Scan the data below. Pull out each line where "close" occurs.

___ Available data ___

(* Let $u$ be a symmetric solution of $i u_t + u_{xx} + |u|^4u=0$ with $\|u_0\|_{L^2}=\|Q\|_{L^2}$, on its maximal interval of existence $I$. Then the function $$d(t) = \inf_{\lambda>0,\gamma\in\mathbb{R}} \|e^{i\gamma}\lambda^{1/2}u(t,\lambda x) - Q(x)\|_{L^2(\mathbb{R})}$$ is upper semicontinuous on $I$. Moreover, there exists $\delta>0$ such that $d$ is continuous at every $t\in I$ with $d(t)<\delta$.
   Context: $Q(x) = (3/\cosh^2(2x))^{1/4}$. Solutions are strong $L^2$ solutions (in $C_tL^2_x\cap L^4_{t,loc}L^\infty_x$). *)

theory Defs
  imports "HOL-Analysis.Analysis" "HOL-Probability.Essential_Supremum"
begin

definition Q :: "real \<Rightarrow> real" where
  "Q x = (3 / (cosh (2 * x))^2) powr (1/4)"

text \<open>Iterated partial derivatives of a function of (t,x): True = d/dt, False = d/dx
  (the list is applied right-to-left).\<close>
fun pd :: "bool list \<Rightarrow> (real \<Rightarrow> real \<Rightarrow> complex) \<Rightarrow> real \<Rightarrow> real \<Rightarrow> complex" where
  "pd [] f = f"
| "pd (True # bs) f = (\<lambda>t x. vector_derivative (\<lambda>s. pd bs f s x) (at t))"
| "pd (False # bs) f = (\<lambda>t x. vector_derivative (\<lambda>y. pd bs f t y) (at x))"

definition smooth2 :: "(real \<Rightarrow> real \<Rightarrow> complex) \<Rightarrow> bool" where
  "smooth2 f \<longleftrightarrow> (\<forall>bs. continuous_on UNIV (\<lambda>p. pd bs f (fst p) (snd p)) \<and>
      (\<forall>t x. (\<lambda>s. pd bs f s x) differentiable (at t) \<and> (\<lambda>y. pd bs f t y) differentiable (at x)))"

definition test_fun :: "real set \<Rightarrow> (real \<Rightarrow> real \<Rightarrow> complex) \<Rightarrow> bool" where
  "test_fun I \<phi> \<longleftrightarrow> smooth2 \<phi> \<and>
     (\<exists>K. compact K \<and> K \<subseteq> I \<times> UNIV \<and> (\<forall>p. p \<notin> K \<longrightarrow> \<phi> (fst p) (snd p) = 0))"

text \<open>u in C_t L^2_x (I x R) \<inter> L^4_{t,loc} L^infinity_x, solving
  i u_t + u_xx + |u|^4 u = 0 in the sense of distributions on I x R.\<close>
definition nls_solution :: "(real \<Rightarrow> real \<Rightarrow> complex) \<Rightarrow> real set \<Rightarrow> bool" where
  "nls_solution u I \<longleftrightarrow>
     (\<lambda>p. u (fst p) (snd p)) \<in> borel_measurable (restrict_space (lborel \<Otimes>\<^sub>M lborel) (I \<times> UNIV)) \<and>
     (\<forall>t\<in>I. (\<lambda>x. u t x) \<in> borel_measurable lborel \<and> integrable lborel (\<lambda>x. (cmod (u t x))\<^sup>2)) \<and>
     (\<forall>t0\<in>I. ((\<lambda>t. LINT x|lborel. (cmod (u t x - u t0 x))\<^sup>2) \<longlongrightarrow> 0) (at t0 within I)) \<and>
     (\<forall>a b. {a..b} \<subseteq> I \<longrightarrow>
        (\<integral>\<^sup>+ t \<in> {a..b}. (esssup lborel (\<lambda>x. ennreal (cmod (u t x)))) ^ 4 \<partial>lborel) < \<infinity>) \<and>
     (\<forall>\<phi>. test_fun I \<phi> \<longrightarrow>
        (let F = (\<lambda>p. u (fst p) (snd p) *
                     (- \<i> * pd [True] \<phi> (fst p) (snd p) + pd [False, False] \<phi> (fst p) (snd p))
                   + complex_of_real ((cmod (u (fst p) (snd p))) ^ 4) * u (fst p) (snd p) * \<phi> (fst p) (snd p))
         in integrable (lborel \<Otimes>\<^sub>M lborel) F \<and> integral\<^sup>L (lborel \<Otimes>\<^sub>M lborel) F = 0))"

definition maximal_nls_solution :: "(real \<Rightarrow> real \<Rightarrow> complex) \<Rightarrow> real set \<Rightarrow> bool" where
  "maximal_nls_solution u I \<longleftrightarrow> is_interval I \<and> open I \<and> 0 \<in> I \<and> nls_solution u I \<and>
     \<not> (\<exists>J v. is_interval J \<and> open J \<and> I \<subset> J \<and> nls_solution v J \<and>
              (\<forall>t\<in>I. AE x in lborel. v t x = u t x))"

definition dist_Q :: "(real \<Rightarrow> real \<Rightarrow> complex) \<Rightarrow> real \<Rightarrow> real" where
  "dist_Q u t = Inf {sqrt (LINT x|lborel.
       (cmod (exp (\<i> * complex_of_real g) * complex_of_real (sqrt lam) * u t (lam * x)
              - complex_of_real (Q x)))\<^sup>2) | lam g. lam > 0}"

end

theory Submission
  imports Defs
begin

text \<open>The phase rotations and L^2-critical rescalings
  v \<mapsto> e^(i \<gamma>) \<lambda>^(1/2) v(\<lambda> x) are isometries of L^2, so d(t) is the distance from u(t)
  to a fixed set (the orbit of Q under their inverses) and depends 1-Lipschitz on u(t) in L^2.
  Since t \<mapsto> u(t) is continuous into L^2, d is continuous on all of I, which gives both claims.\<close>

definition L2_norm :: "'a measure \<Rightarrow> ('a \<Rightarrow> 'b::real_normed_vector) \<Rightarrow> real" where
  "L2_norm M f = sqrt (\<integral>x. (norm (f x))\<^sup>2 \<partial>M)"

definition orbit_L2_dist :: "(real \<Rightarrow> complex) \<Rightarrow> (real \<Rightarrow> complex) \<Rightarrow> real" where
  "orbit_L2_dist q v = Inf {L2_norm lborel
       (\<lambda>x. exp (\<i> * complex_of_real g) * complex_of_real (sqrt lam) * v (lam * x) - q x) | lam g. lam > 0}"

lemma dist_Q_eq_orbit_L2_dist: "dist_Q u t = orbit_L2_dist (\<lambda>x. complex_of_real (Q x)) (u t)"
  unfolding dist_Q_def orbit_L2_dist_def L2_norm_def by simp

lemma norm_add_squared_le_weighted:
  fixes a b :: "'a::real_normed_vector"
  assumes "t > 0"
  shows "(norm (a + b))\<^sup>2 \<le> (1 + t) * (norm a)\<^sup>2 + (1 + 1 / t) * (norm b)\<^sup>2"
proof -
  have "(norm (a + b))\<^sup>2 \<le> (norm a + norm b)\<^sup>2"
    by (simp add: norm_triangle_ineq power_mono)
  moreover have "0 \<le> (t * norm a - norm b)\<^sup>2 / t"
    using assms by simp
  then have "2 * norm a * norm b \<le> t * (norm a)\<^sup>2 + (norm b)\<^sup>2 / t"
    using assms by (simp add: field_simps power2_eq_square)
  ultimately show ?thesis
    by (simp add: power2_sum algebra_simps)
qed

lemma le_sqrt_add_sqrt_squared:
  fixes X A B :: real
  assumes "A \<ge> 0" "B \<ge> 0" and bound: "\<And>t. t > 0 \<Longrightarrow> X \<le> (1 + t) * A + (1 + 1 / t) * B"
  shows "X \<le> (sqrt A + sqrt B)\<^sup>2"
proof -
  consider "A > 0" "B > 0" | "A = 0" | "B = 0"
    using assms(1,2) by linarith
  then show ?thesis
  proof cases
    case 1
    have "(1 + sqrt B / sqrt A) * A + (1 + 1 / (sqrt B / sqrt A)) * B = (sqrt A + sqrt B)\<^sup>2"
      using 1 by (simp add: field_simps power2_eq_square)
    then show ?thesis
      using bound[of "sqrt B / sqrt A"] 1 by simp
  next
    case 2
    have "((\<lambda>t. B + B / t) \<longlongrightarrow> B + 0) at_top"
      by (intro tendsto_add tendsto_const tendsto_divide_0[OF tendsto_const]
          filterlim_at_top_imp_at_infinity filterlim_ident)
    moreover have "\<forall>\<^sub>F t in at_top. X \<le> B + B / t"
      using 2 bound by (auto simp: eventually_at_top_dense algebra_simps)
    ultimately have "X \<le> B"
      using tendsto_lowerbound by fastforce
    then show ?thesis
      using 2 assms(2) by simp
  next
    case 3
    have "((\<lambda>t. (1 + t) * A) \<longlongrightarrow> (1 + 0) * A) (at_right 0)"
      by (intro tendsto_intros)
    moreover have "\<forall>\<^sub>F t in at_right 0. X \<le> (1 + t) * A"
      by (rule eventually_mono[OF eventually_at_right_less]) (use 3 bound in simp)
    ultimately have "X \<le> A"
      using tendsto_lowerbound by fastforce
    then show ?thesis
      using 3 assms(1) by simp
  qed
qed

lemma square_integrable_add:
  fixes f h :: "'a \<Rightarrow> 'b::{real_normed_vector, second_countable_topology}"
  assumes [measurable]: "f \<in> borel_measurable M" "h \<in> borel_measurable M"
    and "integrable M (\<lambda>x. (norm (f x))\<^sup>2)" "integrable M (\<lambda>x. (norm (h x))\<^sup>2)"
  shows "integrable M (\<lambda>x. (norm (f x + h x))\<^sup>2)"
proof (rule Bochner_Integration.integrable_bound)
  show "integrable M (\<lambda>x. 2 * (norm (f x))\<^sup>2 + 2 * (norm (h x))\<^sup>2)"
    using assms(3,4) by simp
  show "AE x in M. norm ((norm (f x + h x))\<^sup>2) \<le> norm (2 * (norm (f x))\<^sup>2 + 2 * (norm (h x))\<^sup>2)"
    by (intro AE_I2) (use norm_add_squared_le_weighted[of 1] in simp)
qed simp

lemma L2_norm_triangle:
  fixes f h :: "'a \<Rightarrow> 'b::{real_normed_vector, second_countable_topology}"
  assumes [measurable]: "f \<in> borel_measurable M" "h \<in> borel_measurable M"
    and h_sq: "integrable M (\<lambda>x. (norm (h x))\<^sup>2)"
  shows "L2_norm M (\<lambda>x. f x + h x) \<le> L2_norm M f + L2_norm M h"
proof (cases "integrable M (\<lambda>x. (norm (f x))\<^sup>2)")
  case True
  define A where "A = (\<integral>x. (norm (f x))\<^sup>2 \<partial>M)"
  define B where "B = (\<integral>x. (norm (h x))\<^sup>2 \<partial>M)"
  have "(\<integral>x. (norm (f x + h x))\<^sup>2 \<partial>M) \<le> (sqrt A + sqrt B)\<^sup>2"
  proof (rule le_sqrt_add_sqrt_squared)
    fix t :: real
    assume "t > 0"
    then have "(\<integral>x. (norm (f x + h x))\<^sup>2 \<partial>M)
        \<le> (\<integral>x. (1 + t) * (norm (f x))\<^sup>2 + (1 + 1 / t) * (norm (h x))\<^sup>2 \<partial>M)"
      using True h_sq square_integrable_add[OF assms(1,2) True h_sq]
      by (intro integral_mono) (simp_all add: norm_add_squared_le_weighted)
    also have "\<dots> = (1 + t) * A + (1 + 1 / t) * B"
      using True h_sq unfolding A_def B_def by simp
    finally show "(\<integral>x. (norm (f x + h x))\<^sup>2 \<partial>M) \<le> (1 + t) * A + (1 + 1 / t) * B" .
  qed (simp_all add: A_def B_def)
  then show ?thesis
    unfolding L2_norm_def A_def B_def by (simp add: real_le_lsqrt)
next
  case False
  \<comment> \<open>Then f + h is not square integrable either, and the junk value 0 of its integral makes
    the left-hand side vanish.\<close>
  have "\<not> integrable M (\<lambda>x. (norm (f x + h x))\<^sup>2)"
    using square_integrable_add[of "\<lambda>x. f x + h x" M "\<lambda>x. - h x"] h_sq False by auto
  then show ?thesis
    by (simp add: L2_norm_def not_integrable_integral_eq)
qed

___

**Task response**
  (the list is applied right-to-left).\<close>
  i u_t + u_xx + |u|^4 u = 0 in the sense of distributions on I x R.\<close>
  Since t \<mapsto> u(t) is continuous into L^2, d is continuous on all of I, which gives both claims.\<close>
    the left-hand side vanish.\<close>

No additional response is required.